Network Security Internet Technology Development Database Servers Mobile Phone Android Software Apple Software Computer Software News IT Information

In addition to Weibo, there is also WeChat

Please pay attention

WeChat public account

Shulou

How to get started with Kafka

2025-04-06 Update From: SLTechnology News&Howtos shulou NAV: SLTechnology News&Howtos > Servers >

Share

Shulou(Shulou.com)05/31 Report--

This article is about how to achieve Kafka introduction to you, the editor feels very practical, so share with you to learn, I hope you can learn something after reading this article, say no more, follow the editor to have a look.

First, getting started 1. Brief introduction

Kafka is a distributed, partitioned, replicated commit log service . It provides features similar to JMS, but is completely different in design and implementation, and it is not an implementation of the JMS specification. Kafka classifies messages according to Topic when they are saved, the sender becomes Producer and the message receiver becomes Consumer. In addition, the kafka cluster is composed of multiple kafka instances, and each instance (server) becomes broker. Both kafka clusters, producer and consumer rely on zookeeper to ensure system availability that the cluster holds some meta information.

The picture below is more accurate.

Main features:

1) message persistence

If you want to get real value from big data, you can't lose any information. Apache Kafka is designed as a disk structure with time complexity O (1), which provides constant time performance, even if it stores huge amounts of information (TB level).

2) High throughput

Remember big data, Kafka is designed to work on standard hardware, supporting millions of messages per second.

3) distributed

Kafka explicitly supports message partitioning on the Kafka server and distribution consumption on the consumer machine cluster, maintaining the sorting semantics of each partition.

4) Multi-client support

Kafka systems support integration with clients from different platforms such as java, .NET, PHP, Ruby, or Python.

5) Real-time

Messages generated by the producer thread should be immediately visible to the consumer thread, which is critical for event-based systems such as CEP systems.

two。 Concept Topics/logs

A Topic can be thought of as a class of messages, each topic will be divided into multiple partition (regions), and each partition is an append log file at the storage level. Any message published to this partition is appended directly to the end of the log file. The location of each message in the file is called offset (offset). Offset is a long number, which is the only message marked. It only marks a message. Kafka does not provide any additional indexing mechanism to store offset, because there are few "random reads and writes" of messages in kafka.

The difference between kafka and JMS implementation (activeMQ) is that even if the message is consumed, the message is still not deleted immediately. The log file will be deleted after a certain period of time according to the configuration requirements in broker. For example, if the log file is retained for 2 days, the file will be deleted after 2 days, regardless of whether the messages in it are consumed or not. Kafka uses this simple means to free disk space and reduce disk IO expenses for changes to the file content after message consumption.

For consumer, it needs to save the offset of consuming messages, and consumer controls the preservation and use of offset. When consumer consumes messages normally, offset will be "linearly" driven forward, that is, messages will be consumed sequentially. In fact, consumer can consume messages in any order, it just needs to reset offset to any value. (offset will be saved in zookeeper, see below)

The kafka cluster hardly needs to maintain any consumer and producer state information, which is saved by zookeeper; so the client implementations of producer and consumer are very lightweight, and they can leave at will without additional impact on the cluster.

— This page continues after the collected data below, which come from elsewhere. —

text \<open>Dropping an item of S loses welfare L, which exceeds the whole of H R: so an allocation
  at least as good as R keeps R, and then it cannot have a larger H.\<close>
lemma indicator_valuation_improvement:
  fixes H :: "(nat \<Rightarrow> 'a set) \<Rightarrow> ereal"
  assumes fin: "\<forall>j<n. finite (S j)"
    and RS: "\<forall>j<n. R j \<subseteq> S j" and TS: "\<forall>j<n. T j \<inter> S j \<subseteq> R j"
    and hR: "H R = ereal h" and "0 \<le> h" "h < L" and "0 \<le> H T"
    and H_mono: "(\<forall>j<n. R j \<subseteq> T j) \<Longrightarrow> H R \<le> H T"
    and better: "objective n H (indicator_valuation L S) R \<le> objective n H (indicator_valuation L S) T"
  shows "(\<forall>j<n. T j \<inter> S j = R j) \<and> H T = H R"
proof -
  define count where "count X = (\<Sum>j<n. card (X j \<inter> S j))" for X
  have obj: "objective n H (indicator_valuation L S) X = ereal (L * real (count X)) - H X" for X
    by (simp add: objective_def welfare_indicator_valuation count_def)
  have H_T: "ereal (L * real (count R) - h) \<le> ereal (L * real (count T)) - H T"
    using better by (simp add: obj hR)
  have kept: "\<forall>j<n. T j \<inter> S j = R j"
  proof (rule ccontr)
    assume "\<not> (\<forall>j<n. T j \<inter> S j = R j)"
    then obtain j0 where j0: "j0 < n" "T j0 \<inter> S j0 \<subset> R j0 \<inter> S j0" using TS RS by blast
    have "count T < count R" unfolding count_def
    proof (rule sum_strict_mono_ex1)
      show "\<forall>j\<in>{..<n}. card (T j \<inter> S j) \<le> card (R j \<inter> S j)"
        using fin TS by (auto intro!: card_mono)
      show "\<exists>j\<in>{..<n}. card (T j \<inter> S j) < card (R j \<inter> S j)"
        using j0 fin by (auto intro!: bexI[of _ j0] psubset_card_mono)
    qed simp
    then have "real (count T) + 1 \<le> real (count R)" by linarith
    then have "L * (real (count T) + 1) \<le> L * real (count R)"
      using \<open>0 \<le> h\<close> \<open>h < L\<close> by (intro mult_left_mono) simp_all
    then have "L * real (count T) + L \<le> L * real (count R)" by (simp add: distrib_left)
    then have "ereal (L * real (count T)) < ereal (L * real (count R) - h)"
      using \<open>h < L\<close> by simp
    also have "\<dots> \<le> ereal (L * real (count T))"
      using H_T \<open>0 \<le> H T\<close> by (cases "H T") auto
    finally show False by simp
  qed
  then have "count T = count R" using RS by (simp add: count_def Int_absorb2)
  then have "H T \<le> H R" using H_T \<open>0 \<le> H T\<close> hR by (cases "H T") auto
  moreover have "H R \<le> H T" using kept by (intro H_mono) blast
  ultimately show ?thesis using kept by simp
qed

Partitions is designed for many purposes. The most fundamental reason is that kafka is based on file storage. Through partitioning, the log content can be distributed to multiple server to prevent the file size from reaching the upper limit of a stand-alone disk, and each partiton will be saved by the current server (kafka instance). A topic can be split into as many partitions as you want to save / consume messages. In addition, more partitions means more consumer can be accommodated, effectively improving the ability of concurrent consumption. See the following for the specific principle.

Distribution

Multiple partitions of a Topic are distributed on multiple server in a kafka cluster; each server (kafka instance) is responsible for reading and writing messages in partitions; in addition, kafka can also configure the number of backups required by partitions (replicas), and each partition will be backed up to multiple machines to improve availability.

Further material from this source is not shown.